MOVIE URBAN LEGEND: John Wayne once took a George Stevens cue in a memorably pun-derful direction.
The Greatest Story Ever Told was an epic tale of the story of Jesus Christ, released in 1965, with a young Max von Sydow as Jesus Christ…
The movie was directed by veteran Hollywood film director and producer George Stevens…
Part of Stevens’ approach to the film was to get as many famous actors into the film as possible, even if they were only appearing in cameos (this is a similar approach that Michael Anderson took with the Best Picture Winner of 1956, Around the World in 80 Days).
One such cameo appearance was by Hollywood icon John Wayne…
Wayne appears at the end of the film as a Roman Centurion tasked with guarding Jesus Christ on the cross. As Jesus expires from the mortal plane, Wayne’s character exclaims, “Truly this was the son of God.”
Well, as the story goes (here is one of a gazillion different versions of this story, all of which are essentially the same)…
[T]hat at the rehearsal for “The Greatest Story Ever Told’, The Duke, playing the Roman soldier who speared Jesus on the cross, said rather flatly: “Truly he was the son of God”. the director said: “Not like that, say it with awe!”
Obligingly Wayne repeated his line: “Aw, truly he was the son of God.”

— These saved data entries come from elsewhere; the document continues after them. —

text \<open>The genericity hypothesis is what makes the
  conformal frame exist; given the frame, the proof does not need it again (indeed
  \<open>angle_formula\<close> shows that \<open>(k', k tau)\<close> never vanishes).\<close>

theorem mainTheorem3:
  fixes F :: "real \<Rightarrow> real^3" and p :: real
    and e :: "real \<Rightarrow> real^5^5" and s mu1 mu2 :: "real \<Rightarrow> real"
  assumes smoothF: "smooth F"
    and period: "p > 0" "\<forall>t. F (t + p) = F t"
    and regular: "\<forall>t. vd F t \<noteq> 0"
    and curv_nz: "\<forall>t. curv F t \<noteq> 0"
    and generic: "\<forall>t. (curv_e' F t)^2 + (curv F t)^2 * (tors F t)^2 \<noteq> 0"
    and frame: "conformal_frenet F e s mu1 mu2"
  shows "\<exists>m::int.
    (1 / (2*pi)) * integral {0..p} (\<lambda>t. mu2 t * deriv s t)
  - (1 / (2*pi)) * integral {0..p} (\<lambda>t. tors F t * speed F t) = of_int m"
proof -
  interpret curve_with_frame F e s mu1 mu2
    using smoothF regular curv_nz frame by unfold_locales
  obtain n :: int where n: "integral {0..p} omega = 2 * pi * of_int n"
    using total_rotation[OF period] by blast
  have "(\<lambda>t. mu2 t * deriv s t) integrable_on {0..p}"
    by (rule integrable_continuous_interval[OF continuous_on_subset[OF cont_conformal_integrand]]) simp
  moreover have "(\<lambda>t. tors F t * speed F t) integrable_on {0..p}"
    by (rule integrable_continuous_interval[OF continuous_on_subset[OF cont_tors_speed]]) simp
  ultimately have "integral {0..p} (\<lambda>t. mu2 t * deriv s t)
      - integral {0..p} (\<lambda>t. tors F t * speed F t) = 2 * pi * of_int n"
    using n by (simp add: omega_def[abs_def] integral_diff)
  then show ?thesis
    by (intro exI[of _ n]) (simp add: field_simps)
qed

end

It’s a great story, and definitely one that I could completely see happening since, according to the story, it is just a one-off joke, presumably made to cut the tension during the filming of the elaborate epic film.
But DID it happen?
Both John Wayne and George Stevens have independently denied the story, and in both of their cases, they noted that the story IS funny, but that it did not happen (so it’s not like a case of people being so embarrassed that of COURSE they’d deny it). The film also featured a young Roddy McDowell as the apostle Matthew. Years later, McDowell claimed that he was there when Wayne shot his one line, and that the “aw, truly” scene never actually took place. And I’ve never heard or read of an eyewitness claim OTHERwise.
So when the two parties in question both say it never happened, as did a third party witness, I’m willing to believe them, and classify this story as a funny story, but not a true funny story.